As I gear up for the school year to begin again, I find myself juggling my new schedule in my head. I teach a lot. That means a lot of time in front of students, but it also means a lot more time spent grading papers.
And I wonder when I will find time for my writing.
It’s the age old debate: work vs play. The delicate balance of the things I have to do and the things I want to do–and don’t get me wrong here. I love what I do. I love teaching. I love explaining words to students and reading their words. But I also love the characters who live in my head, and I want to give them a chance to stretch their legs on paper and screen.
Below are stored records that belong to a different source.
(* Let $g$ be a real $M\times M$ matrix, $g\neq 0$, all of whose singular values are equal (i.e. the largest singular value has multiplicity $d=M$). Then there exist finite-dimensional Hilbert spaces $\mathcal H_1,\mathcal H_2$, a state $\rho$ on $\mathcal H_1\otimes\mathcal H_2$ and observables $\mathcal A_i(x)$, $x=1,\dots,M$ (Hermitian, eigenvalues in $[-1,1]$) with $\sum_{x_1,x_2=1}^M g_{x_1,x_2}\operatorname{tr}(\rho\,\mathcal A_1(x_1)\otimes\mathcal A_2(x_2))=M\,\|g\|_2$; i.e. the bound $\sqrt{M_1M_2}\|g\|_2$ of Theorem 1 is attained.
   Context: $\|g\|_2$ denotes the largest singular value of $g$. *)

theory Defs
  imports "Jordan_Normal_Form.Char_Poly"
begin

definition herm :: "nat \<Rightarrow> complex mat \<Rightarrow> bool" where
  "herm n A \<longleftrightarrow> A \<in> carrier_mat n n \<and>
     (\<forall>i<n. \<forall>j<n. A $$ (j, i) = cnj (A $$ (i, j)))"

definition observable :: "nat \<Rightarrow> complex mat \<Rightarrow> bool" where
  "observable n A \<longleftrightarrow> herm n A \<and>
     (\<forall>k. eigenvalue A k \<longrightarrow> Im k = 0 \<and> -1 \<le> Re k \<and> Re k \<le> 1)"

definition mtrace :: "complex mat \<Rightarrow> complex" where
  "mtrace A = (\<Sum>i<dim_row A. A $$ (i, i))"

definition density :: "nat \<Rightarrow> complex mat \<Rightarrow> bool" where
  "density n \<rho> \<longleftrightarrow> herm n \<rho> \<and>
     (\<forall>k. eigenvalue \<rho> k \<longrightarrow> Im k = 0 \<and> 0 \<le> Re k) \<and> mtrace \<rho> = 1"

definition kron :: "complex mat \<Rightarrow> complex mat \<Rightarrow> complex mat" where
  "kron A B = mat (dim_row A * dim_row B) (dim_col A * dim_col B)
     (\<lambda>(i, j). A $$ (i div dim_row B, j div dim_col B) * B $$ (i mod dim_row B, j mod dim_col B))"

definition singular_value :: "real mat \<Rightarrow> real \<Rightarrow> bool" where
  "singular_value g s \<longleftrightarrow> 0 \<le> s \<and> eigenvalue (transpose_mat g * g) (s\<^sup>2)"

definition norm2 :: "real mat \<Rightarrow> real" where
  "norm2 g = Max {s. singular_value g s}"

end

theory Submission
  imports Defs "Jordan_Normal_Form.Schur_Decomposition"
begin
I know, I know. I had an entire summer to get writing done. And I did! I am nearly finished with the second book in Klauden’s Ring. I just have to tweak a few more things. But when my classes begin on Monday, I worry about getting sucked into the whirlpool that is the semester–when other people’s words become more important than my own.
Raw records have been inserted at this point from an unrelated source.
(* Let $G$ be a finite group and $T$ a $G$-transfer system. Then $\mathrm{Hull}(T)=T_c$ if and only if $T$ is connected (has exactly one connected component).
   Context: A $G$-transfer system is a partial order $\to$ on the set of subgroups of $G$ such that: $K\to H$ implies $K\le H$; $H\to H$ for all $H$; $L\to K$ and $K\to H$ imply $L\to H$; $K\to H$ implies $K\cap L\to H\cap L$ for every $L\le G$; $K\to H$ implies $gKg^{-1}\to gHg^{-1}$ for all $g\in G$. Connected components are those of the underlying undirected graph on the subgroups of $G$ with edges $K\to H$. $T_c$ denotes the complete transfer system, containing $K\to H$ for all $K\le H\le G$. A transfer system is saturated if whenever $L\le K\le H$ and $L\to H$ is in it, then $K\to H$ is in it; $\mathrm{Hull}(T)$ is the smallest saturated $G$-transfer system containing $T$. *)

theory Defs
  imports "HOL-Algebra.Group"
begin

text \<open>A relation on subsets of the carrier; R K H stands for K \<rightarrow> H.\<close>

definition conjugate_set :: "('a, 'b) monoid_scheme \<Rightarrow> 'a \<Rightarrow> 'a set \<Rightarrow> 'a set" where
  "conjugate_set G g K = (\<lambda>k. g \<otimes>\<^bsub>G\<^esub> k \<otimes>\<^bsub>G\<^esub> inv\<^bsub>G\<^esub> g) ` K"

definition transfer_system :: "('a, 'b) monoid_scheme \<Rightarrow> ('a set \<Rightarrow> 'a set \<Rightarrow> bool) \<Rightarrow> bool" where
  "transfer_system G R \<longleftrightarrow>
     (\<forall>K H. R K H \<longrightarrow> subgroup K G \<and> subgroup H G \<and> K \<subseteq> H) \<and>
     (\<forall>H. subgroup H G \<longrightarrow> R H H) \<and>
     (\<forall>K H. R K H \<and> R H K \<longrightarrow> K = H) \<and>
     (\<forall>L K H. R L K \<and> R K H \<longrightarrow> R L H) \<and>
     (\<forall>K H L. R K H \<and> subgroup L G \<longrightarrow> R (K \<inter> L) (H \<inter> L)) \<and>
     (\<forall>K H g. R K H \<and> g \<in> carrier G \<longrightarrow> R (conjugate_set G g K) (conjugate_set G g H))"

definition complete_transfer :: "('a, 'b) monoid_scheme \<Rightarrow> 'a set \<Rightarrow> 'a set \<Rightarrow> bool" where
  "complete_transfer G K H \<longleftrightarrow> subgroup K G \<and> subgroup H G \<and> K \<subseteq> H"

definition saturated :: "('a, 'b) monoid_scheme \<Rightarrow> ('a set \<Rightarrow> 'a set \<Rightarrow> bool) \<Rightarrow> bool" where
  "saturated G R \<longleftrightarrow>
     (\<forall>L K H. subgroup L G \<and> subgroup K G \<and> subgroup H G \<and> L \<subseteq> K \<and> K \<subseteq> H \<and> R L H \<longrightarrow> R K H)"

definition hull :: "('a, 'b) monoid_scheme \<Rightarrow> ('a set \<Rightarrow> 'a set \<Rightarrow> bool) \<Rightarrow> 'a set \<Rightarrow> 'a set \<Rightarrow> bool" where
  "hull G R K H \<longleftrightarrow>
     (\<forall>S. transfer_system G S \<and> saturated G S \<and> (\<forall>A B. R A B \<longrightarrow> S A B) \<longrightarrow> S K H)"

text \<open>Connected: the underlying undirected graph on subgroups has exactly one component
  (the vertex set is nonempty, so this means any two subgroups are linked).\<close>
definition connected_transfer :: "('a, 'b) monoid_scheme \<Rightarrow> ('a set \<Rightarrow> 'a set \<Rightarrow> bool) \<Rightarrow> bool" where
  "connected_transfer G R \<longleftrightarrow>
     (\<forall>K H. subgroup K G \<and> subgroup H G \<longrightarrow> (\<lambda>x y. R x y \<or> R y x)\<^sup>*\<^sup>* K H)"

end

theory Submission
  imports Defs "HOL-Algebra.Group_Action"
begin

text \<open>
  Saturated transfer systems are insensitive to connected components: restricting a path
  from K to H along T-edges to a subgroup L \<le> H stays inside a component, so the relation
  "K \<le> H and K, H lie in the same component of T" is itself a saturated transfer system
  containing T. Hence Hull(T) only relates subgroups in one component, and
  Hull(T) = T_c forces every K to be linked to G. Conversely, in any saturated S \<supseteq> T
  the set of K with K \<rightarrow> G is closed under T-edges in both directions (by saturation and by
  transitivity), so connectivity gives K \<rightarrow> G for all K; intersecting with H yields K \<rightarrow> H.
\<close>

lemma conjugate_set_eq_cosets:
  "conjugate_set G g K = g <#\<^bsub>G\<^esub> K #>\<^bsub>G\<^esub> inv\<^bsub>G\<^esub> g"
  unfolding conjugate_set_def l_coset_def r_coset_def by auto

lemma subgroup_conjugate_set:
  assumes "group G" "subgroup K G" "g \<in> carrier G"
  shows "subgroup (conjugate_set G g K) G"
  using group.subgroup_conjugation_is_surj1[OF assms(1) group.inv_closed[OF assms(1,3)] assms(2)]
  by (simp add: conjugate_set_eq_cosets group.inv_inv[OF assms(1,3)])

lemma conjugate_set_mono: "K \<subseteq> H \<Longrightarrow> conjugate_set G g K \<subseteq> conjugate_set G g H"
  unfolding conjugate_set_def by blast

lemma transfer_systemI:
  assumes "\<And>K H. R K H \<Longrightarrow> subgroup K G \<and> subgroup H G \<and> K \<subseteq> H"
    and "\<And>H. subgroup H G \<Longrightarrow> R H H"
    and "\<And>K H. R K H \<Longrightarrow> R H K \<Longrightarrow> K = H"
    and "\<And>L K H. R L K \<Longrightarrow> R K H \<Longrightarrow> R L H"
    and "\<And>K H L. R K H \<Longrightarrow> subgroup L G \<Longrightarrow> R (K \<inter> L) (H \<inter> L)"
    and "\<And>K H g. R K H \<Longrightarrow> g \<in> carrier G \<Longrightarrow> R (conjugate_set G g K) (conjugate_set G g H)"
  shows "transfer_system G R"
  unfolding transfer_system_def using assms by (intro conjI allI impI; (elim conjE)?; metis)

lemma transfer_system_subgroups:
  "transfer_system G R \<Longrightarrow> R K H \<Longrightarrow> subgroup K G \<and> subgroup H G \<and> K \<subseteq> H"
  unfolding transfer_system_def by meson

lemma transfer_system_refl: "transfer_system G R \<Longrightarrow> subgroup H G \<Longrightarrow> R H H"
  unfolding transfer_system_def by meson

lemma transfer_system_trans: "transfer_system G R \<Longrightarrow> R L K \<Longrightarrow> R K H \<Longrightarrow> R L H"
  unfolding transfer_system_def by meson

lemma transfer_system_restrict:
  "transfer_system G R \<Longrightarrow> R K H \<Longrightarrow> subgroup L G \<Longrightarrow> R (K \<inter> L) (H \<inter> L)"
  unfolding transfer_system_def by meson

lemma transfer_system_conjugate:
  "transfer_system G R \<Longrightarrow> R K H \<Longrightarrow> g \<in> carrier G
    \<Longrightarrow> R (conjugate_set G g K) (conjugate_set G g H)"
  unfolding transfer_system_def by meson

lemma transfer_system_le_complete:
  "transfer_system G R \<Longrightarrow> R K H \<Longrightarrow> complete_transfer G K H"
  unfolding complete_transfer_def by (rule transfer_system_subgroups)

lemma saturatedI:
  "(\<And>L K H. subgroup L G \<Longrightarrow> subgroup K G \<Longrightarrow> subgroup H G \<Longrightarrow> L \<subseteq> K \<Longrightarrow> K \<subseteq> H
      \<Longrightarrow> R L H \<Longrightarrow> R K H) \<Longrightarrow> saturated G R"
  unfolding saturated_def by blast

lemma saturatedD:
  "saturated G R \<Longrightarrow> subgroup L G \<Longrightarrow> subgroup K G \<Longrightarrow> subgroup H G \<Longrightarrow> L \<subseteq> K \<Longrightarrow> K \<subseteq> H
    \<Longrightarrow> R L H \<Longrightarrow> R K H"
  unfolding saturated_def by blast

lemma transfer_system_complete:
  assumes "group G"
  shows "transfer_system G (complete_transfer G)"
proof (rule transfer_systemI)
  fix K H L assume "complete_transfer G K H" "subgroup L G"
  then show "complete_transfer G (K \<inter> L) (H \<inter> L)"
    unfolding complete_transfer_def using group.subgroups_Inter_pair[OF assms] by blast
next
  fix K H g assume "complete_transfer G K H" "g \<in> carrier G"
  then show "complete_transfer G (conjugate_set G g K) (conjugate_set G g H)"
    unfolding complete_transfer_def by (simp add: subgroup_conjugate_set[OF assms] conjugate_set_mono)
qed (auto simp: complete_transfer_def)

lemma saturated_complete: "saturated G (complete_transfer G)"
  by (rule saturatedI) (simp add: complete_transfer_def)

lemma hull_least: "transfer_system G S \<Longrightarrow> saturated G S \<Longrightarrow> (\<And>A B. R A B \<Longrightarrow> S A B)
    \<Longrightarrow> hull G R K H \<Longrightarrow> S K H"
  unfolding hull_def by blast

lemma hull_le_complete:
  assumes "group G" "transfer_system G T" "hull G T K H"
  shows "complete_transfer G K H"
  using hull_least[OF transfer_system_complete[OF assms(1)] saturated_complete
      transfer_system_le_complete[OF assms(2)] assms(3)] .

definition same_component :: "('a \<Rightarrow> 'a \<Rightarrow> bool) \<Rightarrow> 'a \<Rightarrow> 'a \<Rightarrow> bool" where
  "same_component R = (\<lambda>x y. R x y \<or> R y x)\<^sup>*\<^sup>*"

lemma connected_transfer_iff:
  "connected_transfer G T \<longleftrightarrow> (\<forall>K H. subgroup K G \<and> subgroup H G \<longrightarrow> same_component T K H)"
  unfolding connected_transfer_def same_component_def ..

lemma same_component_refl [simp]: "same_component R x x"
  unfolding same_component_def by simp

lemma same_component_sym: "same_component R x y \<Longrightarrow> same_component R y x"
  unfolding same_component_def by (rule symp_rtranclp[THEN sympD]) (auto intro: sympI)

lemma same_component_trans:
  "same_component R x y \<Longrightarrow> same_component R y z \<Longrightarrow> same_component R x z"
  unfolding same_component_def by (rule rtranclp_trans)

lemma same_component_map:
  assumes "\<And>x y. R x y \<Longrightarrow> R (f x) (f y)" and "same_component R x y"
  shows "same_component R (f x) (f y)"
  using assms(2) unfolding same_component_def
proof (induction rule: rtranclp_induct)
  case (step y z)
  then have "R (f y) (f z) \<or> R (f z) (f y)" using assms(1) by blast
  with step.IH show ?case by (rule rtranclp.rtrancl_into_rtrancl)
qed simp

lemma same_component_restrict:
  "transfer_system G T \<Longrightarrow> subgroup L G \<Longrightarrow> same_component T K H
    \<Longrightarrow> same_component T (K \<inter> L) (H \<inter> L)"
  by (rule same_component_map[of T "\<lambda>X. X \<inter> L"]) (rule transfer_system_restrict)

lemma same_component_conjugate:
  "transfer_system G T \<Longrightarrow> g \<in> carrier G \<Longrightarrow> same_component T K H
    \<Longrightarrow> same_component T (conjugate_set G g K) (conjugate_set G g H)"
  by (rule same_component_map[of T "conjugate_set G g"]) (rule transfer_system_conjugate)

definition component_transfer ::
    "('a, 'b) monoid_scheme \<Rightarrow> ('a set \<Rightarrow> 'a set \<Rightarrow> bool) \<Rightarrow> 'a set \<Rightarrow> 'a set \<Rightarrow> bool" where
  "component_transfer G T K H \<longleftrightarrow> complete_transfer G K H \<and> same_component T K H"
I just need to manage my time a little better. Focus more. Wander less. Have a schedule. Say “No” to extra obligations. Make it a habit. Work in brief spurts. Even a few minutes counts!
I’ve heard all of those things. And I’ve tried them. And sometimes they work. And sometimes they don’t.
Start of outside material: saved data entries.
theorem lemma6p8:
  fixes a b :: "'a::linorder_topology"
    and T h f :: "'a \<Rightarrow> real"
  assumes K_compact: "compact (UNIV :: 'a set)"
    and K_bounds: "\<forall>x. a \<le> x \<and> x \<le> b"
    and a_lt_b: "a < b"
    and T_mono: "mono T"
    and T_rcont: "\<forall>x. (T \<longlongrightarrow> T x) (at_right x)"
    and h_int: "RS_integrable a b h T"
    and f_bdd: "bounded (range f)"
  shows "(RS_integrable a b f (\<lambda>x. RS_integral a x h T)
            \<longleftrightarrow> RS_integrable a b (\<lambda>x. f x * h x) T)
       \<and> (RS_integrable a b (\<lambda>x. f x * h x) T \<longrightarrow>
            RS_integral a b f (\<lambda>x. RS_integral a x h T)
              = RS_integral a b (\<lambda>x. f x * h x) T)"
proof -
  define \<Phi> where "\<Phi> x = RS_integral a x h T" for x
  have "has_RS_integral a b f \<Phi> = has_RS_integral a b (\<lambda>x. f x * h x) T"
  proof (cases "\<forall>x y::'a. x < y \<longrightarrow> (\<exists>z. x < z \<and> z < y)")
    case True
    note dense = True[rule_format]
    obtain A where "has_RS_integral a b h T A"
      using h_int unfolding RS_integrable_def by blast
    then have "has_RS_integral a x h T (\<Phi> x)" if "x \<in> {a..b}" for x
      using has_RS_integral_subinterval[OF K_compact dense _ that] unfolding \<Phi>_def by blast
    moreover obtain M where "\<And>x. \<bar>f x\<bar> \<le> M"
      using f_bdd unfolding bounded_iff by auto
    ultimately show ?thesis
      using has_RS_integral_indefinite_integral_iff[OF K_compact dense less_imp_le[OF a_lt_b]] by blast
  next
    case False
    then obtain s u :: 'a where "s < u" "\<And>z. \<not> (s < z \<and> z < u)"
      by blast
    then have "has_RS_integral a b F G = (\<lambda>_. True)" for F G :: "'a \<Rightarrow> real"
      using has_RS_integral_gap K_bounds by blast
    then show ?thesis
      by simp
  qed
  (* Equal predicates have equal THE-values, also where the integral is not unique. *)
  then show ?thesis
    unfolding RS_integrable_def RS_integral_def \<Phi>_def by simp
qed

end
I know I’m not the only one who struggles with the juggling act–work, play, homelife, family. I know that when I was in grad school I managed to teach and take classes and still had a brain leftover to spend time at home.
But I was younger then. And I didn’t have a child. And Netflix wasn’t around yet. And I didn’t have so many apps on my phone. (Back then, I was just excited to have a cell phone at all!)
Ah well. I’m happy to have such problems. And it will work itself out. It always does.